#### WHAT TO DO:
Your answer must consist of one number: how many lines in the records contain "integers".

#### EXCERPTED RECORDS:
(* For every $q\ge2$ and integers $n>h\ge1$, $$M_q(n,h)\ge\frac{\binom{n+q-1}{q-1}}{\phi(h,q)},\qquad M_q(n,h)\le\frac{\binom{n+q-1}{q-1}}{\beta(h,q)}+\sum_{j=1}^{q\lceil h/2\rceil}\binom{n+q-1-j}{q-2}.$$
   Context: $\triangle_n^{q-1}=\{\mathbf x\in\mathbb Z^q:x_i\ge0,\sum_ix_i=n\}$ (multisets of size $n$ over $\{0,\dots,q-1\}$), with $d_1(\mathbf x,\mathbf y)=\frac12\sum_i|x_i-y_i|$. $M_q(n,h)$ is the largest cardinality of a subset of $\triangle_n^{q-1}$ in which distinct elements are at $d_1$-distance $>h$ (equivalently, of a multiset code correcting $h$ deletions). $\beta(h,q)=\sum_{j\ge0}\binom{q-1}{j}\binom{\lceil h/2\rceil}{j}\binom{\lfloor h/2\rfloor+q-1-j}{q-1-j}$. $\phi(h,q)$ is the smallest order of a finite Abelian group containing a $B_h$ set of cardinality $q$, where a set $\{b_0,\dots,b_{q-1}\}$ in an Abelian group is a $B_h$ set if the sums $b_{i_1}+\dots+b_{i_h}$, $0\le i_1\le\dots\le i_h\le q-1$, are pairwise different. Convention: $\binom ab=0$ for integers $a<b$. *)

theory Defs
  imports "HOL-Algebra.Algebra"
begin

text \<open>The discrete simplex: multisets of size n over {0,...,q-1}, represented as
  count vectors x with x i = 0 for i >= q and sum of x i over i < q equal to n.\<close>
definition simplex :: "nat \<Rightarrow> nat \<Rightarrow> (nat \<Rightarrow> nat) set" where
  "simplex q n = {x. (\<forall>i\<ge>q. x i = 0) \<and> (\<Sum>i<q. x i) = n}"

definition d1 :: "nat \<Rightarrow> (nat \<Rightarrow> nat) \<Rightarrow> (nat \<Rightarrow> nat) \<Rightarrow> real" where
  "d1 q x y = (\<Sum>i<q. \<bar>real (x i) - real (y i)\<bar>) / 2"

definition M :: "nat \<Rightarrow> nat \<Rightarrow> nat \<Rightarrow> nat" where
  "M q n h = Max {card C | C. C \<subseteq> simplex q n \<and>
      (\<forall>x\<in>C. \<forall>y\<in>C. x \<noteq> y \<longrightarrow> d1 q x y > real h)}"

definition ibinom :: "int \<Rightarrow> nat \<Rightarrow> nat" where
  "ibinom a b = (if a < int b then 0 else nat a choose b)"

definition beta :: "nat \<Rightarrow> nat \<Rightarrow> nat" where
  "beta h q = (\<Sum>j\<le>q - 1. ((q - 1) choose j) * (((h + 1) div 2) choose j)
                 * ((h div 2 + (q - 1 - j)) choose (q - 1 - j)))"

text \<open>b_0,...,b_{q-1} is a B_h set of cardinality q in the abelian group G:
  distinct elements of the carrier such that sums of h of them (with repetition,
  i.e. indexed by multisets of size h over {0..q-1}) are pairwise different.
  The group is written multiplicatively, as in HOL-Algebra.\<close>
definition Bh_set :: "('a, 'b) monoid_scheme \<Rightarrow> nat \<Rightarrow> nat \<Rightarrow> (nat \<Rightarrow> 'a) \<Rightarrow> bool" where
  "Bh_set G h q b \<longleftrightarrow> (\<forall>i<q. b i \<in> carrier G) \<and> inj_on b {..<q} \<and>
     inj_on (\<lambda>x. finprod G (\<lambda>i. b i [^]\<^bsub>G\<^esub> x i) {..<q}) (simplex q h)"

#### FINISHED TASK:
2